Tras la pelea con el Gobierno, Techint aumenta inversiones en el exterior

Uno de los puntos de conflicto con el Gobierno fue que le exigía a la compañía aumentar las inversiones en el país y dejar las ganancias en la Argentina

En medio del conflicto con el gobierno de Cristina Fernández, el titular del grupo Techint, Paolo Rocca, hizo una fuerte defensa del modelo de internacionalización que despliega desde hace casi dos décadas el mayor holding siderúrgico argentino. En esta ciudad, al sur de México, inauguró un proyecto de Tenaris-Tamsa que le permite a la filial de Veracruz convertirse en la mayor planta del mundo para la fabricación de tubos de acero sin costura, un producto premium utilizado en la industria petrolera.

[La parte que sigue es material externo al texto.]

lemma ridge_sum_gradient:
  assumes "\<And>i t. i < N \<Longrightarrow> (\<psi> i has_real_derivative \<psi>' i t) (at t)"
    and "(ridge_sum N \<psi> a bb has_derivative (\<lambda>h. g \<bullet> h)) (at x)"
  shows "g = (\<Sum>i<N. \<psi>' i (a i \<bullet> x + bb i) *\<^sub>R a i)"
proof -
  have "((\<lambda>x. \<psi> i (a i \<bullet> x + bb i)) has_derivative (\<lambda>h. \<psi>' i (a i \<bullet> x + bb i) * (a i \<bullet> h))) (at x)"
    if "i < N" for i
  proof -
    have "((\<lambda>x. a i \<bullet> x + bb i) has_derivative (\<lambda>h. a i \<bullet> h)) (at x)"
      by (auto intro!: derivative_eq_intros)
    from has_derivative_compose[OF this assms(1)[OF that, unfolded has_field_derivative_def]]
    show ?thesis .
  qed
  then have "(ridge_sum N \<psi> a bb has_derivative
      (\<lambda>h. (\<Sum>i<N. \<psi>' i (a i \<bullet> x + bb i) *\<^sub>R a i) \<bullet> h)) (at x)"
    unfolding ridge_sum_def[abs_def] inner_sum_left inner_scaleR_left
    by (rule has_derivative_sum) simp
  from has_derivative_unique[OF assms(2) this] show ?thesis
    by (metis vector_eq_rdot)
qed

lemma bounded_unit_cube: "bounded (unit_cube :: (real ^ 'n) set)"
proof -
  have "unit_cube = cbox (0 :: real ^ 'n) 1"
    by (auto simp: unit_cube_def mem_box_cart)
  then show ?thesis
    by (metis bounded_cbox)
qed

lemma convex_ridge_sum_gradient_approx:
  fixes S :: "(real ^ 'n) set"
  assumes s: "sigmoidal s" and "bounded S" "0 < \<epsilon>"
    and psi_diff: "\<And>i t. i < N \<Longrightarrow> \<psi> i differentiable at t"
    and psi_C1: "\<And>i. i < N \<Longrightarrow> continuous_on UNIV (deriv (\<psi> i))"
    and psi_convex: "\<And>i. i < N \<Longrightarrow> convex_on UNIV (\<psi> i)"
    and gradF: "\<And>x. (ridge_sum N \<psi> a bb has_derivative (\<lambda>h. gradF x \<bullet> h)) (at x)"
  obtains M W c b u v \<beta> where "1 \<le> M" "\<forall>j<M. 0 \<le> u j \<and> 0 \<le> v j"
    "\<And>x. x \<in> S \<Longrightarrow> norm (gradF x - grad_net s M W c b u v \<beta> x) \<le> \<epsilon>"
proof -
  have dpsi: "(\<psi> i has_real_derivative deriv (\<psi> i) t) (at t)" if "i < N" for i t
    using psi_diff[OF that] by (simp add: DERIV_deriv_iff_real_differentiable)
  have deriv_mono: "mono (deriv (\<psi> i))" if "i < N" for i
    using convex_on_UNIV_deriv_mono[OF psi_convex dpsi] that by blast
  obtain f where "grad_net_representable s f" and f:
      "\<And>x. x \<in> S \<Longrightarrow> norm ((\<Sum>i<N. deriv (\<psi> i) (a i \<bullet> x + bb i) *\<^sub>R a i) - f x) \<le> \<epsilon>"
    using ridge_sum_field_approx[where G="\<lambda>i. deriv (\<psi> i)" and N=N and w=a and c=bb,
          OF s \<open>bounded S\<close> psi_C1 deriv_mono \<open>0 < \<epsilon>\<close>] by blast
  then obtain M W c b u v \<beta> where net: "1 \<le> M" "\<forall>j<M. 0 \<le> u j \<and> 0 \<le> v j"
      "\<And>x. grad_net s M W c b u v \<beta> x = f x"
    using grad_net_representable_imp_grad_net by metis
  show thesis
  proof (rule that[OF net(1,2)])
    fix x assume "x \<in> S"
    have "gradF x = (\<Sum>i<N. deriv (\<psi> i) (a i \<bullet> x + bb i) *\<^sub>R a i)"
      by (rule ridge_sum_gradient[OF dpsi gradF])
    then show "norm (gradF x - grad_net s M W c b u v \<beta> x) \<le> \<epsilon>"
      using f[OF \<open>x \<in> S\<close>] net(3) by simp
  qed
qed

theorem theorem4:
  fixes s :: "real \<Rightarrow> real"
    and N :: nat
    and \<psi> :: "nat \<Rightarrow> real \<Rightarrow> real"
    and a :: "nat \<Rightarrow> real ^ 'n"
    and bb :: "nat \<Rightarrow> real"
    and gradF :: "real ^ 'n \<Rightarrow> real ^ 'n"
  assumes s_cont: "continuous_on UNIV s"
    and s_mono: "mono s"
    and s_bot: "(s \<longlongrightarrow> 0) at_bot"
    and s_top: "(s \<longlongrightarrow> 1) at_top"
    and psi_diff: "\<And>i t. i < N \<Longrightarrow> \<psi> i differentiable at t"
    and psi_C1: "\<And>i. i < N \<Longrightarrow> continuous_on UNIV (deriv (\<psi> i))"
    and psi_convex: "\<And>i. i < N \<Longrightarrow> convex_on UNIV (\<psi> i)"
    and gradF: "\<And>x. (ridge_sum N \<psi> a bb has_derivative (\<lambda>h. gradF x \<bullet> h)) (at x)"
  shows "(\<forall>\<epsilon>>0. \<exists>M W c b u v \<beta>. M \<ge> 1 \<and> (\<forall>j<M. u j \<ge> 0 \<and> v j \<ge> 0) \<and>
            (SUP x\<in>unit_cube. norm (gradF x - grad_net s M W c b u v \<beta> x)) < \<epsilon>)
       \<and> (\<forall>M W c b u v \<beta>. (\<forall>j<M. u j \<ge> 0 \<and> v j \<ge> 0) \<longrightarrow>
            (\<exists>\<Phi> :: real ^ 'n \<Rightarrow> real. convex_on UNIV \<Phi> \<and>
               (\<forall>x. (\<Phi> has_derivative (\<lambda>h. grad_net s M W c b u v \<beta> x \<bullet> h)) (at x)) \<and>
               continuous_on UNIV (grad_net s M W c b u v \<beta>)))"
proof (intro conjI allI impI)
  fix \<epsilon> :: real assume "0 < \<epsilon>"
  have "sigmoidal s"
    using s_mono s_bot s_top by (simp add: sigmoidal_def)
  moreover have "0 < \<epsilon> / 2"
    using \<open>0 < \<epsilon>\<close> by simp
  ultimately obtain M W c b u v \<beta> where net: "1 \<le> M" "\<forall>j<M. 0 \<le> u j \<and> 0 \<le> v j"
      "\<And>x. x \<in> unit_cube \<Longrightarrow> norm (gradF x - grad_net s M W c b u v \<beta> x) \<le> \<epsilon> / 2"
    using convex_ridge_sum_gradient_approx[OF _ bounded_unit_cube _ psi_diff psi_C1 psi_convex gradF]
    by metis
  have "unit_cube \<noteq> ({} :: (real ^ 'n) set)"
    by (auto simp: unit_cube_def intro!: exI[of _ 0])
  then have "(SUP x\<in>unit_cube. norm (gradF x - grad_net s M W c b u v \<beta> x)) \<le> \<epsilon> / 2"
    using net(3) by (rule cSUP_least)
  then have "(SUP x\<in>unit_cube. norm (gradF x - grad_net s M W c b u v \<beta> x)) < \<epsilon>"
    using \<open>0 < \<epsilon>\<close> by linarith
  with net(1,2) show "\<exists>M W c b u v \<beta>. M \<ge> 1 \<and> (\<forall>j<M. u j \<ge> 0 \<and> v j \<ge> 0) \<and>
      (SUP x\<in>unit_cube. norm (gradF x - grad_net s M W c b u v \<beta> x)) < \<epsilon>"
    by blast
next
  fix M :: nat and W :: "nat \<Rightarrow> real ^ 'n" and c u v \<beta> :: "nat \<Rightarrow> real" and b :: "real ^ 'n"
  assume "\<forall>j<M. u j \<ge> 0 \<and> v j \<ge> 0"
  then obtain \<Phi> :: "real ^ 'n \<Rightarrow> real" where "convex_on UNIV \<Phi>"
      "\<And>x. (\<Phi> has_derivative (\<lambda>h. grad_net s M W c b u v \<beta> x \<bullet> h)) (at x)"
    using grad_net_convex_potential[OF s_cont s_mono] by blast
  with continuous_on_grad_net[OF s_cont] show "\<exists>\<Phi> :: real ^ 'n \<Rightarrow> real. convex_on UNIV \<Phi> \<and>
      (\<forall>x. (\<Phi> has_derivative (\<lambda>h. grad_net s M W c b u v \<beta> x \<bullet> h)) (at x)) \<and>
      continuous_on UNIV (grad_net s M W c b u v \<beta>)"
    by blast
qed

end
lemma nre_sem_simulation:
  assumes sim: "is_simulation Rel G H"
  shows "(a, b) \<in> nre_sem E G \<Longrightarrow> (a, a') \<in> Rel \<Longrightarrow> \<exists>b'. (a', b') \<in> nre_sem E H \<and> (b, b') \<in> Rel"
proof (induction E arbitrary: a b a')
  case NEps
  then have "b = a" by auto
  with NEps.prems(2) is_simulationD(1)[OF sim] show ?case by auto
next
  case (NPred p)
  then show ?case
    using is_simulationD(3)[OF sim] by auto
next
  case NAny
  then obtain p where "(a, p, b) \<in> triples G" by auto
  then obtain b' where "(a', p, b') \<in> triples H" "(b, b') \<in> Rel"
    using is_simulationD(3)[OF sim NAny(2)] by blast
  then show ?case by auto
next
  case (NTest c)
  then have ab: "a = const_node c" "b = const_node c"
    by (auto split: if_splits)
  moreover have "\<not> is_null (const_node c)"
    by (cases c) auto
  ultimately have "a' = a"
    using is_simulationD(2)[OF sim NTest.prems(2)] by simp
  with ab NTest.prems(2) is_simulationD(1)[OF sim] show ?case by auto
next
  case (NNest E)
  then obtain c where "b = a" "(a, c) \<in> nre_sem E G" by auto
  with NNest.IH NNest.prems(2) show ?case by fastforce
next
  case (NStar E)
  have "\<exists>b'. (a', b') \<in> (nre_sem E H)\<^sup>+ \<and> (b, b') \<in> Rel"
    if "(a, b) \<in> (nre_sem E G)\<^sup>+"
    using that
  proof (induction rule: trancl_induct)
    case (base b)
    then show ?case using NStar.IH NStar.prems(2) by blast
  next
    case (step b c)
    then obtain b' where "(a', b') \<in> (nre_sem E H)\<^sup>+" "(b, b') \<in> Rel" by blast
    moreover obtain c' where "(b', c') \<in> nre_sem E H" "(c, c') \<in> Rel"
      using NStar.IH step(2) calculation(2) by blast
    ultimately show ?case by (meson trancl_into_trancl)
  qed
  moreover have "a' \<in> nodes H"
    using is_simulationD(1)[OF sim NStar.prems(2)] .
  ultimately show ?case
    using NStar.prems by auto
next
  case (NSeq E1 E2)
  then obtain c where c: "(a, c) \<in> nre_sem E1 G" "(c, b) \<in> nre_sem E2 G" by auto
  with NSeq.IH(1) NSeq.prems(2) obtain c' where "(a', c') \<in> nre_sem E1 H" "(c, c') \<in> Rel"
    by blast
  moreover obtain b' where "(c', b') \<in> nre_sem E2 H" "(b, b') \<in> Rel"
    using NSeq.IH(2) c(2) calculation(2) by blast
  ultimately show ?case by auto
next
  case (NAlt E1 E2)
  then show ?case by simp meson
qed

Se trata de una especialidad que Siderca inició en Campana, en la provincia de Buenos Aires, y hoy Tenaris –el mayor grupo del mundo en su especialidad– lleva a cabo en más de 25 países. “Queremos crecer a nivel global”, fue una frase repetida por el titular del mayor grupo industrial argentino. Es una máxima que va en contra del pedido del Gobierno de focalizar el esfuerzo inversor puertas adentro de la Argentina y es uno de los motivos que sembró diferencias en la hasta hace dos años “inquebrantable” relación de Techint con el kirchnerismo. Es, también, uno de los argumentos por los cuales el holding rechazó el ingreso de Axel Kiciloff, un hombre de “La Cámpora” y número dos de Aerolíneas Argentinas, en el directorio de la empresa.

Siempre que se lo consultó, el titular de Techint rechazó con fastidio la pregunta por la situación del grupo en el país. “Me preguntan sobre la Argentina cuando estamos en Veracruz”, reprochó.

Sin hacer una mención expresa, Rocca marcó diferencias entre la situación que su empresa vive en México y los negocios en la Argentina. Muy enfático y con visible entusiasmo, aseguró que “no podríamos haber llevado adelante esta obra sin el apoyo permanente y el compromiso de usted, señor presidente”. En la primera fila del improvisado auditorio –emplazado en la calurosa nave industrial que contiene al nuevo laminador continuo que se inauguró ayer– el destinatario de esta frase era el primer mandatario de México, Felipe Calderón.

Lejos del buen gusto y la predilección por la alta costura que se le reconoce a la presidenta Cristina Fernández, su par mexicano vistió una guayabera (un estilo de camisa de uso corriente en estas tierras) a tono con el calor del día, muy similar al atuendo de Rocca.

Minutos después, el presidente de la segunda mayor economía de Latinoamérica, después de Brasil, le devolvió el favor colmándolo de elogios a él y a Tenaris. “Mi estimado Paolo Rocca, gracias por invitarme y por su confianza en México”, saludó Calderón.

Elección

La elección de Veracruz para radicar la inversión no fue ingenua: bañan sus costas las aguas del Golfo de México, una efervescente zona de producción petrolera.

El presidente de Techint también se refirió al ministro de Economía, Bruno Ferrari, como “el amigo” y remarcó que la inserción en el mundo de “nuestros países” puede acelerar un crecimiento económico y social fundado sobre “la iniciativa privada y sostenido por el Estado, en un clima de paz, de diálogo, de seguridad y de convivencia civil”.

Con la inauguración del laminador continuo, que costó u$s 850 millones, la planta de Veracruz pasó a ser la mayor productora de tubos de acero sin costura del grupo, con una capacidad de 1,2 millones de toneladas anuales. La empresa tiene inversiones en marcha por u$s 6.000 millones en estas tierras.

En segundo término quedó Siderca, en Campana, con 1 millón de toneladas, y más atrás Dalmine, en Italia.

En el grupo aseguran, sin embargo, que su estrategia de crecimiento es global porque deben atender lo más cerca posible a sus mercados. Y que el futuro de la empresa es impensable sin la Argentina, desde donde emigran ejecutivos e ingenieros al resto del mundo.

De acuerdo con su capitalización, Tenaris vale unos u$s 28.000 millones, y el año pasado tuvo ventas por u$s 7.700 millones.